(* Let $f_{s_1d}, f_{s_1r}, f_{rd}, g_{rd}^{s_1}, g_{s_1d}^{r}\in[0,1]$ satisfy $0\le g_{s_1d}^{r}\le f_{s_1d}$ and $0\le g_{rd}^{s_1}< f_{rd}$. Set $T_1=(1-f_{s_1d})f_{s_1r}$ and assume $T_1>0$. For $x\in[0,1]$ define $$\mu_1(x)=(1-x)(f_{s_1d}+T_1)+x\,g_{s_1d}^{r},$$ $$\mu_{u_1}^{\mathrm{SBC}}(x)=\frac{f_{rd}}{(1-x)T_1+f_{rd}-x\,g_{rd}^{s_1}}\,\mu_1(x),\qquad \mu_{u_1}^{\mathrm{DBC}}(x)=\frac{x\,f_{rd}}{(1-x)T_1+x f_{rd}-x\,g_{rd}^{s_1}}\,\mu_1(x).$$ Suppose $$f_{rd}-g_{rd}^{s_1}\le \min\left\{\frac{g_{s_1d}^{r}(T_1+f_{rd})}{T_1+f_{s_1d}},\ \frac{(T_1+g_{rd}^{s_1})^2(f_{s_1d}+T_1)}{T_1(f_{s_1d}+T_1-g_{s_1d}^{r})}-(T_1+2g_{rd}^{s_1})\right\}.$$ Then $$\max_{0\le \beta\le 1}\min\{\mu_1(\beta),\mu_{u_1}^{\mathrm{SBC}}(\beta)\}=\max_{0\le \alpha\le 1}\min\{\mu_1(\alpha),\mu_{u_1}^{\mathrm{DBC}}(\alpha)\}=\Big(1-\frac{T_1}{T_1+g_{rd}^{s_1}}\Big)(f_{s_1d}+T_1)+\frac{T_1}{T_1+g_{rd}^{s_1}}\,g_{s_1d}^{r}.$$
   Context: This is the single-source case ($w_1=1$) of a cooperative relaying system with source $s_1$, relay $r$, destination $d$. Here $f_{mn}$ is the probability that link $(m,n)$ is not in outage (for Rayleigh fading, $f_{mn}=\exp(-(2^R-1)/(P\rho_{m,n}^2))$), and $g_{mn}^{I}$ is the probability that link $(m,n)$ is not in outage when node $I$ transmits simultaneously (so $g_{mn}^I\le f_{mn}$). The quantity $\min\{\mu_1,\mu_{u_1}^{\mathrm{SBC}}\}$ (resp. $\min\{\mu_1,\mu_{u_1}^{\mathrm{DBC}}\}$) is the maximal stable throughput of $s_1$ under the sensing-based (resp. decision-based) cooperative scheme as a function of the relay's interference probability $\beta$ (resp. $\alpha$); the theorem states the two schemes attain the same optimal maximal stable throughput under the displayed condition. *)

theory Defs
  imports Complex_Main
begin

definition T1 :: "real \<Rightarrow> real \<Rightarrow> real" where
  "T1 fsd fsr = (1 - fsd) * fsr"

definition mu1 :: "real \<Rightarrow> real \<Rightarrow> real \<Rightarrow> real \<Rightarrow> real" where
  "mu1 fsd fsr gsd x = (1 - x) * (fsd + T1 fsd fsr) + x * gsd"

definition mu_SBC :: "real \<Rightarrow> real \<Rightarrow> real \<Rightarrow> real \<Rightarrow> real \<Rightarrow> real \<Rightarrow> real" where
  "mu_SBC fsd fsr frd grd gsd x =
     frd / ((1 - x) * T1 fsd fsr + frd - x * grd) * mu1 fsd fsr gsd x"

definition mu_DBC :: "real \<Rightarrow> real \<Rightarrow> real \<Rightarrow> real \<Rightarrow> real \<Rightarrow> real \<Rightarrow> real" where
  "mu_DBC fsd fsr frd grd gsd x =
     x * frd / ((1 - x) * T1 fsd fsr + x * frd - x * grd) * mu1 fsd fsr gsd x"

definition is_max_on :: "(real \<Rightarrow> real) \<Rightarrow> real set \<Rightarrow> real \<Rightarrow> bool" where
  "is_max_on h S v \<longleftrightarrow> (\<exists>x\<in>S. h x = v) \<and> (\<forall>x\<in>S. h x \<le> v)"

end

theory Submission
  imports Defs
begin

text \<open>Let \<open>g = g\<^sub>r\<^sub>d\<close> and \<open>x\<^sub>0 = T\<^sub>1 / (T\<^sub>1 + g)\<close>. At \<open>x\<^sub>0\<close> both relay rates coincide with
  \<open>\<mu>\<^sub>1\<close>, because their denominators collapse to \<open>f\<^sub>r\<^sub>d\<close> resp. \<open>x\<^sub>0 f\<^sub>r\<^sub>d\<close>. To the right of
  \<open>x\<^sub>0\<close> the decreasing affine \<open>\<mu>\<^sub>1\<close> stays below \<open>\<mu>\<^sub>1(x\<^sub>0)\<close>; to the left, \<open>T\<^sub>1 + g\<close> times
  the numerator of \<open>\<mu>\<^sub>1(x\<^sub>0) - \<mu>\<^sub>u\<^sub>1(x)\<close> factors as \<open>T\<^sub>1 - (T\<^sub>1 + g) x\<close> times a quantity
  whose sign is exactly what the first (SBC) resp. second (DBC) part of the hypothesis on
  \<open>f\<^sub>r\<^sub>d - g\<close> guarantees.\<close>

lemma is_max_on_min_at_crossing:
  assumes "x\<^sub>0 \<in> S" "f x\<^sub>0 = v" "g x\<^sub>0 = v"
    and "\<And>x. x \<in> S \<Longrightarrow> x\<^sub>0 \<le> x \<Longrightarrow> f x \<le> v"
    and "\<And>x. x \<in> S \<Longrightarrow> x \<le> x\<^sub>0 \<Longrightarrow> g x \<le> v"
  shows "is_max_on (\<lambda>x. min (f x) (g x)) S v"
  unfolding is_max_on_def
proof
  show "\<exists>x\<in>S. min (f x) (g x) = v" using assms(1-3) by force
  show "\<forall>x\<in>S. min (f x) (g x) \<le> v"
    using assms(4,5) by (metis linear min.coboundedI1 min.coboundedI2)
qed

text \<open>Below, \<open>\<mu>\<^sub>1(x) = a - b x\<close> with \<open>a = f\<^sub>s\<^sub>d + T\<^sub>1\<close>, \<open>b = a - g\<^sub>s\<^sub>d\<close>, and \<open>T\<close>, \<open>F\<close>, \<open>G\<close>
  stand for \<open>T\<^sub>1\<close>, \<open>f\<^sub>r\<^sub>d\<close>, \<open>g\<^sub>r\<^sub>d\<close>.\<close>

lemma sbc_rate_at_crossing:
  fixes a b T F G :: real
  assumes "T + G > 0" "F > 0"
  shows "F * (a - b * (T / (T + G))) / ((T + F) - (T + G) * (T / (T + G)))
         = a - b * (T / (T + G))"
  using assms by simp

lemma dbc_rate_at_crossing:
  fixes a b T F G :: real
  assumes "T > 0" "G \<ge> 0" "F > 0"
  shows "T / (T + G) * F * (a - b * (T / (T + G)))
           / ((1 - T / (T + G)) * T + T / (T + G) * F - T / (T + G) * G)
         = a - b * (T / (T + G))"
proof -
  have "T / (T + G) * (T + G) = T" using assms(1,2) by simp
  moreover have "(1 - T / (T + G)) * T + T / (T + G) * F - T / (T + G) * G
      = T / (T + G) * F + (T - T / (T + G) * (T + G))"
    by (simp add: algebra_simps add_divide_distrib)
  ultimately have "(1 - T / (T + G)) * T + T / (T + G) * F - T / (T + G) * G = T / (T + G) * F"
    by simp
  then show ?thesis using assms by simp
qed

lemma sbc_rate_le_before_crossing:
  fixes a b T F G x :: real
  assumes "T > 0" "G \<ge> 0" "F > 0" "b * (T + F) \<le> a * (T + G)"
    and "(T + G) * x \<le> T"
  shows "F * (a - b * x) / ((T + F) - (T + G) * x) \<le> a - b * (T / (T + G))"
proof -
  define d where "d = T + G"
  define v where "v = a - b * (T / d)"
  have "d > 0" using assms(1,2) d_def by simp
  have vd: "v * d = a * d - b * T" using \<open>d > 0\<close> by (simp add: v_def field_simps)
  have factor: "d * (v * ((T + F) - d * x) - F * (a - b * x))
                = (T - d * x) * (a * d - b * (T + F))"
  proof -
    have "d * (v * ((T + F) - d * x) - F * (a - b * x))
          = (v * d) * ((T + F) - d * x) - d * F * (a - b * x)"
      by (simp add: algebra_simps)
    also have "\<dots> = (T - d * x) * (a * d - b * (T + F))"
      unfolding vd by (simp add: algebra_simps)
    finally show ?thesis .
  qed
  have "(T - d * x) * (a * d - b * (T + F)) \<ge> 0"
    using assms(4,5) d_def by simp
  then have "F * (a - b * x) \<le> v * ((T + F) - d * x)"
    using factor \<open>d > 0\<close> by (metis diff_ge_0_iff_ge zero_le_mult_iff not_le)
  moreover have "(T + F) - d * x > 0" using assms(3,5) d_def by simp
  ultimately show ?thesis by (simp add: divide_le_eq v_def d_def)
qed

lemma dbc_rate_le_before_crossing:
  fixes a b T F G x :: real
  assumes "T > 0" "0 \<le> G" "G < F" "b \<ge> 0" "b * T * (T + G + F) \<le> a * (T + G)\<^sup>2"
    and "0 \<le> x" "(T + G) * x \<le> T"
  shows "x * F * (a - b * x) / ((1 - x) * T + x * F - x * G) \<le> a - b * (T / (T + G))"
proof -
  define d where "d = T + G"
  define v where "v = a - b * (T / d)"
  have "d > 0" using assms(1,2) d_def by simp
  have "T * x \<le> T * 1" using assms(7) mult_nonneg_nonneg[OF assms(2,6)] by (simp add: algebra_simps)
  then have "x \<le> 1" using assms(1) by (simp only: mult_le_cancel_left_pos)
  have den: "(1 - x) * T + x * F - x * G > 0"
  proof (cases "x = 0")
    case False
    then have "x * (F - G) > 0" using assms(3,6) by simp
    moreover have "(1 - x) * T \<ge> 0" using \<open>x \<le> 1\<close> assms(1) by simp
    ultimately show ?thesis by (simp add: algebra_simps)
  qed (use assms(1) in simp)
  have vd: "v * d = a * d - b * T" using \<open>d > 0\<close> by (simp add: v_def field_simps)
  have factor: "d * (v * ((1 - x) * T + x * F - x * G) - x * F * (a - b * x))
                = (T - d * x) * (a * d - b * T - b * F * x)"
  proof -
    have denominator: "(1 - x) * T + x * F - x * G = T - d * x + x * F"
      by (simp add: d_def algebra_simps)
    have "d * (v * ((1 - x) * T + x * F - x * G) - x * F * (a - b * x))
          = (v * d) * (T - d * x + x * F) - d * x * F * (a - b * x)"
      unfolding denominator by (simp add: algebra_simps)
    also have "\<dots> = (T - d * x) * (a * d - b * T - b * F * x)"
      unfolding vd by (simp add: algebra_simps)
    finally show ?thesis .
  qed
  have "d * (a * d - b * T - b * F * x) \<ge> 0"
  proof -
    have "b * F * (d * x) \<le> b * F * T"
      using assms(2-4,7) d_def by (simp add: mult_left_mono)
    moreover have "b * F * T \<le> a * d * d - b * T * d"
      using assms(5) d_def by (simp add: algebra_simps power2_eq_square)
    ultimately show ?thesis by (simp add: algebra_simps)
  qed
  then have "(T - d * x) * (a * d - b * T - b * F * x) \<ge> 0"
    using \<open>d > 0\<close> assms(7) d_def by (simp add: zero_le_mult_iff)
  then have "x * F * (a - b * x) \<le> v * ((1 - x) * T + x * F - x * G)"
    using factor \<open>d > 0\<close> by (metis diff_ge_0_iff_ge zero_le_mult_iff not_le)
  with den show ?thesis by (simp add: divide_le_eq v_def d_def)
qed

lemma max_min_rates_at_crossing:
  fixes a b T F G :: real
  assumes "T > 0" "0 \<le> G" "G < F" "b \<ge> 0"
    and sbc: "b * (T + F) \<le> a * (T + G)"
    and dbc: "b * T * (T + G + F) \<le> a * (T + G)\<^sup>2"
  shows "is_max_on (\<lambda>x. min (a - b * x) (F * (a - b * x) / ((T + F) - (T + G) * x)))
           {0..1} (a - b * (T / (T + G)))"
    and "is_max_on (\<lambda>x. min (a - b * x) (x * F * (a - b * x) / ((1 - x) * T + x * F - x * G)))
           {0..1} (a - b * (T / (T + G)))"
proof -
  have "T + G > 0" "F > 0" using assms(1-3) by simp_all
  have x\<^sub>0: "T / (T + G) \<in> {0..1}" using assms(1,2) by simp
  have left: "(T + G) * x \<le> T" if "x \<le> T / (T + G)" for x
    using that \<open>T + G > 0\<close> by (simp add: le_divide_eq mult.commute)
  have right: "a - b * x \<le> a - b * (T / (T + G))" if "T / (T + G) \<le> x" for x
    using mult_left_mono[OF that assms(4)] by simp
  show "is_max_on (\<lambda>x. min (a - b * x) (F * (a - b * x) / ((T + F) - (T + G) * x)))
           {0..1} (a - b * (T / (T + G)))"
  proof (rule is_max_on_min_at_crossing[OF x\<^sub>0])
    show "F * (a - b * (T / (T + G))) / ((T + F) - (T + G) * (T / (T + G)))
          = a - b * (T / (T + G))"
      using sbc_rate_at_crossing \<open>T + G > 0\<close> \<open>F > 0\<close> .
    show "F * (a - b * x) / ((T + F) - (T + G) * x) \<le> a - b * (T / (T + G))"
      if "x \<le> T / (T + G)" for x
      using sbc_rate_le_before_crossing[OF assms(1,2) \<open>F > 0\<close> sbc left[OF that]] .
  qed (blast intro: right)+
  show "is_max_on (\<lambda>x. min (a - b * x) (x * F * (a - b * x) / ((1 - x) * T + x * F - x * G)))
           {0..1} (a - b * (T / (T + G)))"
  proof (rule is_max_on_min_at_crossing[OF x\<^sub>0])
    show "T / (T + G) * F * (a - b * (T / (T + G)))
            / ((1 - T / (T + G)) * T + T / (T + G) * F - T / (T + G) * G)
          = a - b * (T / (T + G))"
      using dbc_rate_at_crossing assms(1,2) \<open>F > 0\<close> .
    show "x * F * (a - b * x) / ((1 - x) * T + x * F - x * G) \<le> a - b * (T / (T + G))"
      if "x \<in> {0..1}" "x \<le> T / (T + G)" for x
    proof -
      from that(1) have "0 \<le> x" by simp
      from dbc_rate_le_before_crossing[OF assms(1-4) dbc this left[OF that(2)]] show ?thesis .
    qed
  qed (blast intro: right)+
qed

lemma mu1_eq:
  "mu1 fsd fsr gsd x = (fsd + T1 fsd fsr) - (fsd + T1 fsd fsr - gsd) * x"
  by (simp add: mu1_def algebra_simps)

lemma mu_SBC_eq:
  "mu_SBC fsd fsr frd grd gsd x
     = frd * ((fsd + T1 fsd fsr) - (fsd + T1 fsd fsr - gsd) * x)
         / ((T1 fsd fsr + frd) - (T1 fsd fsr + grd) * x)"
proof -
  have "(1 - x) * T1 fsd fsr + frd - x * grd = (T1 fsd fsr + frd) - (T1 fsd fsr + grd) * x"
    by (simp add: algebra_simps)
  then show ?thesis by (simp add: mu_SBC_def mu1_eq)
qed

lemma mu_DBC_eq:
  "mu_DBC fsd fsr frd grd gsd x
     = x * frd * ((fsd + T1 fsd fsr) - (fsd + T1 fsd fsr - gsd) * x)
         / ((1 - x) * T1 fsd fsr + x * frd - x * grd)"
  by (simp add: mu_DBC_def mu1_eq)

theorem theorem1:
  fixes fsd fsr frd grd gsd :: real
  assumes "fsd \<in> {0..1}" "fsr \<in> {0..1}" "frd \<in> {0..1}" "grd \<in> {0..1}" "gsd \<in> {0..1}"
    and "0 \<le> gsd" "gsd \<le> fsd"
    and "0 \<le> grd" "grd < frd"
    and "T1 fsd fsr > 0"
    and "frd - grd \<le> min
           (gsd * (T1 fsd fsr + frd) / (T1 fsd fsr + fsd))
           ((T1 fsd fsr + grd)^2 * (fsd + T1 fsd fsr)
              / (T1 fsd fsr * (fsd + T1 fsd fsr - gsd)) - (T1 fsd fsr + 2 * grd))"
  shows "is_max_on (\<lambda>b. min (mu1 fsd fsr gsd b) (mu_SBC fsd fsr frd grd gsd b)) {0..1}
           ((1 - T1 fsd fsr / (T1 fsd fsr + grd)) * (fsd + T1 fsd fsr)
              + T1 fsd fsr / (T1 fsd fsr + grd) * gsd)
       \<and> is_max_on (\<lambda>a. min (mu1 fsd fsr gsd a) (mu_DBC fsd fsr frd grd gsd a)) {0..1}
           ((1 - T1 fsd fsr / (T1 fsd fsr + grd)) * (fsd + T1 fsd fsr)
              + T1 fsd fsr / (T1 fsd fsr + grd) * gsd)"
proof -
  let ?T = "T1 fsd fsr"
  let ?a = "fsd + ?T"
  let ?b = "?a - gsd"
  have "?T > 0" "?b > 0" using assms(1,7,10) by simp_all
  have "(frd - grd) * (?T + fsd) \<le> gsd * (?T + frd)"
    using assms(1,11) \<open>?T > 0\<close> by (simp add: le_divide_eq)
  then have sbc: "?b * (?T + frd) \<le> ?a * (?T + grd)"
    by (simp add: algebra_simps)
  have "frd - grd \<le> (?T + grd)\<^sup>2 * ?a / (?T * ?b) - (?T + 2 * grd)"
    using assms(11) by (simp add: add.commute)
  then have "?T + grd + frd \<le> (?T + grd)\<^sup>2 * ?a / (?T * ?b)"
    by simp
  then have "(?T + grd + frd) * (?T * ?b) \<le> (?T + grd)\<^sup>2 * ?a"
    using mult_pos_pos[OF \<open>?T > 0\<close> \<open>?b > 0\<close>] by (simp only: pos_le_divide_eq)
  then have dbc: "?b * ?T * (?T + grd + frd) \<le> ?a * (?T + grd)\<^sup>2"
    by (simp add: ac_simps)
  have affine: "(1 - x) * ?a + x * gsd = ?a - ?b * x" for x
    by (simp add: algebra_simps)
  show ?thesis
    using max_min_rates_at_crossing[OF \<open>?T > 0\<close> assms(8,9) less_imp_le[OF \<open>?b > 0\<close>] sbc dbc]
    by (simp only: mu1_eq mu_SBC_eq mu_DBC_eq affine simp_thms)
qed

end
● ● ● ● ●
> **PROBLEM STATEMENT**
Above are some records; copy exactly the lines from the one with "the numerator of" through the one with "x) (g x) \<le>", both included, and no others.

> **WORKED SOLUTION**
  the numerator of \<open>\<mu>\<^sub>1(x\<^sub>0) - \<mu>\<^sub>u\<^sub>1(x)\<close> factors as \<open>T\<^sub>1 - (T\<^sub>1 + g) x\<close> times a quantity
  whose sign is exactly what the first (SBC) resp. second (DBC) part of the hypothesis on
  \<open>f\<^sub>r\<^sub>d - g\<close> guarantees.\<close>

lemma is_max_on_min_at_crossing:
  assumes "x\<^sub>0 \<in> S" "f x\<^sub>0 = v" "g x\<^sub>0 = v"
    and "\<And>x. x \<in> S \<Longrightarrow> x\<^sub>0 \<le> x \<Longrightarrow> f x \<le> v"
    and "\<And>x. x \<in> S \<Longrightarrow> x \<le> x\<^sub>0 \<Longrightarrow> g x \<le> v"
  shows "is_max_on (\<lambda>x. min (f x) (g x)) S v"
  unfolding is_max_on_def
proof
  show "\<exists>x\<in>S. min (f x) (g x) = v" using assms(1-3) by force
  show "\<forall>x\<in>S. min (f x) (g x) \<le> v"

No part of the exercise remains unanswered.